ACTIVITY:
Every line containing "Gamma" should be copied out. Go through the entries and find them.

━━━

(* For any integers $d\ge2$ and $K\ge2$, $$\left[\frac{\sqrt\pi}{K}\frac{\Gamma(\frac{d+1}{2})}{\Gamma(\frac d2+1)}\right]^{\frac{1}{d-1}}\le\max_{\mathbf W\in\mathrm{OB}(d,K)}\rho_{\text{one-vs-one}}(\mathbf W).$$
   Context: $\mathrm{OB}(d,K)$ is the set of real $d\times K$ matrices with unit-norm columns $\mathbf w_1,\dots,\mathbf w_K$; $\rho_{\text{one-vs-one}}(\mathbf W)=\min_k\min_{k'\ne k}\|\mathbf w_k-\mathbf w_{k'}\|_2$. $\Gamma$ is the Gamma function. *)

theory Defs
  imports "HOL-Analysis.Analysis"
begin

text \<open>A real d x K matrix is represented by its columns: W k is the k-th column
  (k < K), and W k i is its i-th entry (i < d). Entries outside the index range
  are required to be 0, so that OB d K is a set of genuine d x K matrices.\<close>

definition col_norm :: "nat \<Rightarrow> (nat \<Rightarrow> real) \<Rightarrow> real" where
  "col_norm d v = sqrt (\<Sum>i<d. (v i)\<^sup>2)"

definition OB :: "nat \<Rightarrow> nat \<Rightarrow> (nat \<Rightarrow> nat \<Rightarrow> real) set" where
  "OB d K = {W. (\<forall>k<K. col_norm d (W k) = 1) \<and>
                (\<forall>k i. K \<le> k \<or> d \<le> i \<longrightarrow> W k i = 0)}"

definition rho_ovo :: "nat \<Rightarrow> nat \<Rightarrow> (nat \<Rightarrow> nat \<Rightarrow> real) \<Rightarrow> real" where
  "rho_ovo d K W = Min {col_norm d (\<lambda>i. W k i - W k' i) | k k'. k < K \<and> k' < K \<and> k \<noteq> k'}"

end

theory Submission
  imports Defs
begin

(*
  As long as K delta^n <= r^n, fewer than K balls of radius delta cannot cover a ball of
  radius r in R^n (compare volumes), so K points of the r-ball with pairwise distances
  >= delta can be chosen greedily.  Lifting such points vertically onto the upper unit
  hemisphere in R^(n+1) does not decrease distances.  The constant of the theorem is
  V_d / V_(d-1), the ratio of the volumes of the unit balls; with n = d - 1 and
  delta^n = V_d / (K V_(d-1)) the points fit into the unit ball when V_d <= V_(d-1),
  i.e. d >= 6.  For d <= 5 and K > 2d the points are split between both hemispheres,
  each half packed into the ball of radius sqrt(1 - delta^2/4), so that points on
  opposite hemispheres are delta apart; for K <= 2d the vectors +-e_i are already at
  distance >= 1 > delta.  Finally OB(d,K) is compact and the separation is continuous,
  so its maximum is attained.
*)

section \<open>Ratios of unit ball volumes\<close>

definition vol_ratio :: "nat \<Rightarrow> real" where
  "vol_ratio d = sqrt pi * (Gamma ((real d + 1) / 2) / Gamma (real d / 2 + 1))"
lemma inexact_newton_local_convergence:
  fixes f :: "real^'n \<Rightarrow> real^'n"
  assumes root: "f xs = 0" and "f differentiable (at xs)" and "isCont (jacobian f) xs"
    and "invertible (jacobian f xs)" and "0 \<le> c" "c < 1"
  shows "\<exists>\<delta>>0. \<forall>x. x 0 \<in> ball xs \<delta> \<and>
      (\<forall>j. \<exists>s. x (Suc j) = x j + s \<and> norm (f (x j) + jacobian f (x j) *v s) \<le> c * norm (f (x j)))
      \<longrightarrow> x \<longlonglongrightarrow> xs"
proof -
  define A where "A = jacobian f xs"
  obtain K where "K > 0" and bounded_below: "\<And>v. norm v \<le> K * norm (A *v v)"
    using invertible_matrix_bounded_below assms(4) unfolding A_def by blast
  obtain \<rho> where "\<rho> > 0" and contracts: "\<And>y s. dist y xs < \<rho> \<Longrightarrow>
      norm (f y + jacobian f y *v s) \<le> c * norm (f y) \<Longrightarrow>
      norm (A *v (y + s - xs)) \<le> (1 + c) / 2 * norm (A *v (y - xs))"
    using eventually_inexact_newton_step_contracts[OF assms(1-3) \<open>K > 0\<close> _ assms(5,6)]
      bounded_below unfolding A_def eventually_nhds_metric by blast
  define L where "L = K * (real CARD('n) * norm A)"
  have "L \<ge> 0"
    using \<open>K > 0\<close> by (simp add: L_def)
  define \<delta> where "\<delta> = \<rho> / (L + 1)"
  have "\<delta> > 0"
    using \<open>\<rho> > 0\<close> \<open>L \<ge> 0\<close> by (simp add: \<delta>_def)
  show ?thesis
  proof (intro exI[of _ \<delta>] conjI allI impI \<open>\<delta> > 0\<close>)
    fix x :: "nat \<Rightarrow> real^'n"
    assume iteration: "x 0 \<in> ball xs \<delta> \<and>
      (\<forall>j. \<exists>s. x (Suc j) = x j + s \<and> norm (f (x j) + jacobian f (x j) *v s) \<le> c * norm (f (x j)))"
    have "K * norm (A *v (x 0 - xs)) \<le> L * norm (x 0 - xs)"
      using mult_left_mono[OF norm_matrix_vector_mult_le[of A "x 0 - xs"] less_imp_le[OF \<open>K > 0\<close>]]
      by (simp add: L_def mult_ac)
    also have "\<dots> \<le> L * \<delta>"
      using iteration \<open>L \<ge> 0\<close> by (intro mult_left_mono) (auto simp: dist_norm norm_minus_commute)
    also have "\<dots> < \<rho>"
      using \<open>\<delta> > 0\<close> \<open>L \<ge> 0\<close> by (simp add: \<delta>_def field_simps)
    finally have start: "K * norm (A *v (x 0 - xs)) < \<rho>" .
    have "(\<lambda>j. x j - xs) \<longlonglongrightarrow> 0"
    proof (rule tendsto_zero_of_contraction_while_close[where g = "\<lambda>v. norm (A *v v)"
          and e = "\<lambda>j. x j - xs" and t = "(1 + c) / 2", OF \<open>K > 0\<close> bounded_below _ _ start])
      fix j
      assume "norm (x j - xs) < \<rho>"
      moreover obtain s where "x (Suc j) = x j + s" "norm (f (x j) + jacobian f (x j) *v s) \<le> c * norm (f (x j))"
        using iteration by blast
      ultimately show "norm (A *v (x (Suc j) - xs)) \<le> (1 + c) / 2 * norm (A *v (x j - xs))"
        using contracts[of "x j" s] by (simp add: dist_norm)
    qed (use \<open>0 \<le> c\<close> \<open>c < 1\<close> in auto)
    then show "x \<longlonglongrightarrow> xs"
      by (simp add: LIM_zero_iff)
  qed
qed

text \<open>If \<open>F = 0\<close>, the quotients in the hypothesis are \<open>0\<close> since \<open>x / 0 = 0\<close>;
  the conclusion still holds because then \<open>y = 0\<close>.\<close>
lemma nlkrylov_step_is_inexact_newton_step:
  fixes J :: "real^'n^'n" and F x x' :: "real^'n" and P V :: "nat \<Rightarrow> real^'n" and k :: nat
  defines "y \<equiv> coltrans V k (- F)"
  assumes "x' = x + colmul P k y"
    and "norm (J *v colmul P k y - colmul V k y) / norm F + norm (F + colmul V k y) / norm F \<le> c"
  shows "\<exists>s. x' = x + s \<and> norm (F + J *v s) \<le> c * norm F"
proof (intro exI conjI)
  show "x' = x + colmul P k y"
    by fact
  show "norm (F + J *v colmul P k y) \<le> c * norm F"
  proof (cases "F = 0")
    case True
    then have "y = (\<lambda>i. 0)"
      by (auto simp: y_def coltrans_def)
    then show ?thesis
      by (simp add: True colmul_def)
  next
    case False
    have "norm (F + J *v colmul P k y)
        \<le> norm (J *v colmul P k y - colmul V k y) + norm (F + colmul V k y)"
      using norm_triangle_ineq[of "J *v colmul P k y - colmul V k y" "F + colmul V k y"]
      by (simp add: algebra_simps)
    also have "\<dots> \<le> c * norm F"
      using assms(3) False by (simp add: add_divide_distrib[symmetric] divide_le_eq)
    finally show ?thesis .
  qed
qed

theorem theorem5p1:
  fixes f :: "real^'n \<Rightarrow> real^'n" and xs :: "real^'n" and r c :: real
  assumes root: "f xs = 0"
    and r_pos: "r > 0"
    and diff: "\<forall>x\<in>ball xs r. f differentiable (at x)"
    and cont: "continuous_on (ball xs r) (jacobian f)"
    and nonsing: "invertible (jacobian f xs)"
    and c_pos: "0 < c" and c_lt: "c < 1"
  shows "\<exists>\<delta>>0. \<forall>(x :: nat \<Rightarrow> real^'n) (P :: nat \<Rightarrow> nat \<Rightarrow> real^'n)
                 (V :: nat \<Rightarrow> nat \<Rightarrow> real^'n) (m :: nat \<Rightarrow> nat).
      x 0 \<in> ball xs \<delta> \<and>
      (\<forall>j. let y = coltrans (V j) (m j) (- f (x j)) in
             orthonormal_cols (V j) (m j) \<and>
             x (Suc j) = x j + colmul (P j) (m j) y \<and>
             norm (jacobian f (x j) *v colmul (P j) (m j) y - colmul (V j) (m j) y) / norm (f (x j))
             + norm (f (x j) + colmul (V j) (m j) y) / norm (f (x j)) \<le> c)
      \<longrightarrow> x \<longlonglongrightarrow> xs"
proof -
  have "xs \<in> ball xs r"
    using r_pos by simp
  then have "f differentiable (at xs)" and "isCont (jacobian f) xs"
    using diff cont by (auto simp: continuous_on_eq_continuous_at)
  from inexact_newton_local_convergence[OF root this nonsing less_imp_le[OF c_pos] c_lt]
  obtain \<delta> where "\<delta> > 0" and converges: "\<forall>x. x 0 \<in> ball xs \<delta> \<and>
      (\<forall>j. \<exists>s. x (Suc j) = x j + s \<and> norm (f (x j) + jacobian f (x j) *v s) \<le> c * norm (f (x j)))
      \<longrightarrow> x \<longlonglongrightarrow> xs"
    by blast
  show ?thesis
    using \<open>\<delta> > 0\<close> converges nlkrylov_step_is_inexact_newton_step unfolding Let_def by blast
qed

━━━

RESPONSE TO THE TASK:
(* For any integers $d\ge2$ and $K\ge2$, $$\left[\frac{\sqrt\pi}{K}\frac{\Gamma(\frac{d+1}{2})}{\Gamma(\frac d2+1)}\right]^{\frac{1}{d-1}}\le\max_{\mathbf W\in\mathrm{OB}(d,K)}\rho_{\text{one-vs-one}}(\mathbf W).$$
   Context: $\mathrm{OB}(d,K)$ is the set of real $d\times K$ matrices with unit-norm columns $\mathbf w_1,\dots,\mathbf w_K$; $\rho_{\text{one-vs-one}}(\mathbf W)=\min_k\min_{k'\ne k}\|\mathbf w_k-\mathbf w_{k'}\|_2$. $\Gamma$ is the Gamma function. *)
  "vol_ratio d = sqrt pi * (Gamma ((real d + 1) / 2) / Gamma (real d / 2 + 1))"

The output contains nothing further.